Po Turnieju Czterech Skoczni i dwóch konkursach w Wiśle nasi skoczkowie narciarscy wysforowali się na czoło w indywidualnej i drużynowej klasyfikacji Pucharu Świata. W ten weekend w Zakopanem będą bronić tych pozycji.
Nasi skoczkowie są w tym sezonie rewelacją Pucharu Świata. Prowadzą w Pucharze Narodów, czyli klasyfikacji drużynowej, z dużą przewagą nad Austriakami i Niemcami. Kamil Stoch wygrał prestiżowy Turniej Czterech Skoczni, a zwyciężając dwukrotnie w Wiśle wyszedł na prowadzenie w Pucharze Świata i w Zakopanem w niedzielę w konkursie indywidualnym wystartuje w żółtej koszulce lidera klasyfikacji generalnej. Dzień wcześniej jednak kibiców czekają nie lada emocje w rywalizacji drużynowej. W tym sezonie będzie to dopiero drugi konkurs drużynowy. Pierwszy, w Klingenthal, biało-czerwoni wygrali w cuglach z dużą przewagą nad rywalami i na Wielkiej Krokwi będą bronić pozycji lidera.

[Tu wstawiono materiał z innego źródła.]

lemma approximate_solutions:
  assumes "d \<le> D" "F \<in> V" "\<And>n. L2norm M (box_sum A d n F) \<le> B" "e > 0"
  shows "\<exists>h\<in>V. L2norm M h \<le> B \<and> L2norm M (\<lambda>x. prod_I_minus A d h x - F x) \<le> e"
  using assms
proof (induction d arbitrary: F e)
  case 0
  then show ?case by (intro bexI[of _ F]) (auto simp: box_sum_dim_0 L2norm_zero)
next
  case (Suc d)
  have d: "d < D" and A_d: "bounded_op (A d)" using Suc.prems bounded_A by auto
  have G_bound: "L2norm M (geom_sum (A d) m F) \<le> B" for m
    using box_sum_geom_sum_bounded[OF d Suc.prems(2,3), of "\<lambda>_. 0"]
    by (simp add: box_sum_zero_index)
  have G_approx: "\<exists>h\<in>V. L2norm M h \<le> B
      \<and> L2norm M (\<lambda>x. prod_I_minus A d h x - geom_sum (A d) m F x) \<le> e'" if "e' > 0" for m e'
    using d that
    by (intro Suc.IH geom_sum_in[OF A_d Suc.prems(2)] box_sum_geom_sum_bounded[OF d Suc.prems(2,3)])
      auto
  have "\<exists>h\<in>V. L2norm M h \<le> B \<and> L2norm M (\<lambda>x. prod_I_minus A d (id_minus (A d) h) x - F x) \<le> e"
    using d by (intro approximate_solution_step[OF bounded_op_prod_I_minus A_d
        commuting_prod_I_minus[OF order_refl d] Suc.prems(2) G_bound G_approx Suc.prems(4)]) auto
  then show ?case by simp
qed

end

theorem mainTheorem9:
  fixes M :: "'a measure" and V :: "('a \<Rightarrow> real) set" and d :: nat
    and A :: "nat \<Rightarrow> (('a \<Rightarrow> real) \<Rightarrow> ('a \<Rightarrow> real))" and F :: "'a \<Rightarrow> real"
  assumes "prob_space M"
    and "closed_L2_subspace M V"
    and "\<And>q. q < d \<Longrightarrow> bounded_linear_op_on M V (A q)"
    and "\<And>p q f. p < d \<Longrightarrow> q < d \<Longrightarrow> f \<in> V \<Longrightarrow> ae_eq M (A p (A q f)) (A q (A p f))"
    and "F \<in> V"
    and "\<exists>B. \<forall>n::nat \<Rightarrow> nat.
           L2norm M (\<lambda>x. \<Sum>i\<in>Pi\<^sub>E {..<d} (\<lambda>q. {..n q}). mpow A d i F x) \<le> B"
  shows "\<exists>h\<in>V. ae_eq M F (prod_I_minus A d h)"
proof -
  interpret commuting_L2_operators M V A d
    by (intro commuting_L2_operators.intro L2_subspace.intro
        commuting_L2_operators_axioms.intro assms)
  obtain B where B: "\<And>n. L2norm M (box_sum A d n F) \<le> B"
    using assms(6) unfolding box_sum_def by blast
  show ?thesis
  proof (rule exact_solution_of_bounded_approximate_solutions)
    show "bounded_op (prod_I_minus A d)" by (rule bounded_op_prod_I_minus) simp
    fix e :: real
    assume "e > 0"
    then show "\<exists>h\<in>V. L2norm M h \<le> B \<and> L2norm M (\<lambda>x. prod_I_minus A d h x - F x) \<le> e"
      by (rule approximate_solutions[OF order_refl \<open>F \<in> V\<close> B])
  qed (rule \<open>F \<in> V\<close>)
qed
lemma pull_lam_proj_res:
  assumes f: "cocycles UNIV n f"
  shows "(pull lam_proj UNIV n (res_cochain Lam f), f) \<in> cohomologous UNIV n"
proof -
  interpret whole: central_idempotent iota actV actW UNIV eZ by (rule central_idempotent_eZ)
  let ?fe = "pull (\<lambda>x. x * eZ) UNIV n f"
  have f_fe: "(f, ?fe) \<in> cohomologous UNIV n"
    by (rule whole.cohomologous_pull_mult_u[OF f])
  have "pull lam_proj UNIV n (res_cochain Lam f) = pull lam_proj UNIV n (pull id Lam n f)"
    by (simp only: res_cochain_eq_pull_id[OF cocycleD(1)[OF f]])
  also have "\<dots> = pull lam_proj UNIV n f"
    using pull_pull[of UNIV lam_proj Lam n id f] lam_proj(1) by simp
  finally have res: "pull lam_proj UNIV n (res_cochain Lam f) = pull lam_proj UNIV n f" .
  have "pull lam_proj UNIV n ?fe = pull ((\<lambda>x. x * eZ) \<circ> lam_proj) UNIV n f"
    by (rule pull_pull) simp
  also have "\<dots> = ?fe"
    by (rule pull_cong) (simp add: lam_proj_mult_eZ)
  finally have "(pull lam_proj UNIV n f, ?fe) \<in> cohomologous UNIV n"
    using pull_cohomologous[OF subalgebra_UNIV compatible_hom_mono[OF compatible_hom_lam_proj] f_fe]
    by simp
  then show ?thesis
    unfolding res using cohomologous_sym[OF f_fe] by (rule cohomologous_trans)
qed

Zgodnie z regulaminem Międzynarodowej Federacji Narciarskiej (FIS) w zawodach Pucharu Świata rozgrywanych w Polsce Polski Związek Narciarski mógł dwukrotnie wystawić do walki dwunastu zawodników, ale jak wiadomo Polski Związek Narciarski skorzystał z tego przywileju przed tygodniem w obu konkursach na skoczni im. Adama Małysza w Wiśle, a zatem w Zakopanem trener naszej kadry Stefan Horngacher był zmuszony okroić jej skład do sześciu skoczków. Austriacki szkoleniowiec zostawił na placu boku najlepszych – Kamila Stocha, Macieja Kota, Piotra Żyłę, Dawida Kubackiego, Stefana Hulę i Jana Ziobro. Wiadomo było, że pierwsza trójka wystąpi w sobotnim konkursie drużynowym, a jedyną niewiadomą był „czwarty do brydża”. Horngacher nie spieszył się z decyzją i wyboru zamierzał dokonać dopiero po piątkowych treningach i kwalifikacjach do konkursu indywidualnego.
Te wahania to efekt niespodziewanej obniżki formy Huli i Kubackiego, którzy wcześniej dzielnie dotrzymywali kroku naszemu czołowemu tercetowi i regularnie plasowali się w drugiej lub choćby trzeciej dziesiątce. Pierwszy nie przebrnął jednak w miniona niedzielę w Wiśle przez kwalifikacje, a drugi nie awansował do serii finałowej. Z kolei Jan Ziobro w minioną sobotę w Wiśle był 19., ale dzień później zajął dopiero 38. lokatę. Słusznie zatem trener naszej kadry z ocena aktualnej formy tych zawodników chce poczekać do ich skoków na Wielkiej Krokwi.
W konkursie drużynowym wystartuje 13 reprezentacji. Co najmniej połowa z nich marzy, żeby pokonać nasz zespół na jego terenie, a już na pewno chcą tego podrażnieni w swych mocarstwowych ambicjach Austriacy i Niemcy i Norwegowi. Będzie się działo.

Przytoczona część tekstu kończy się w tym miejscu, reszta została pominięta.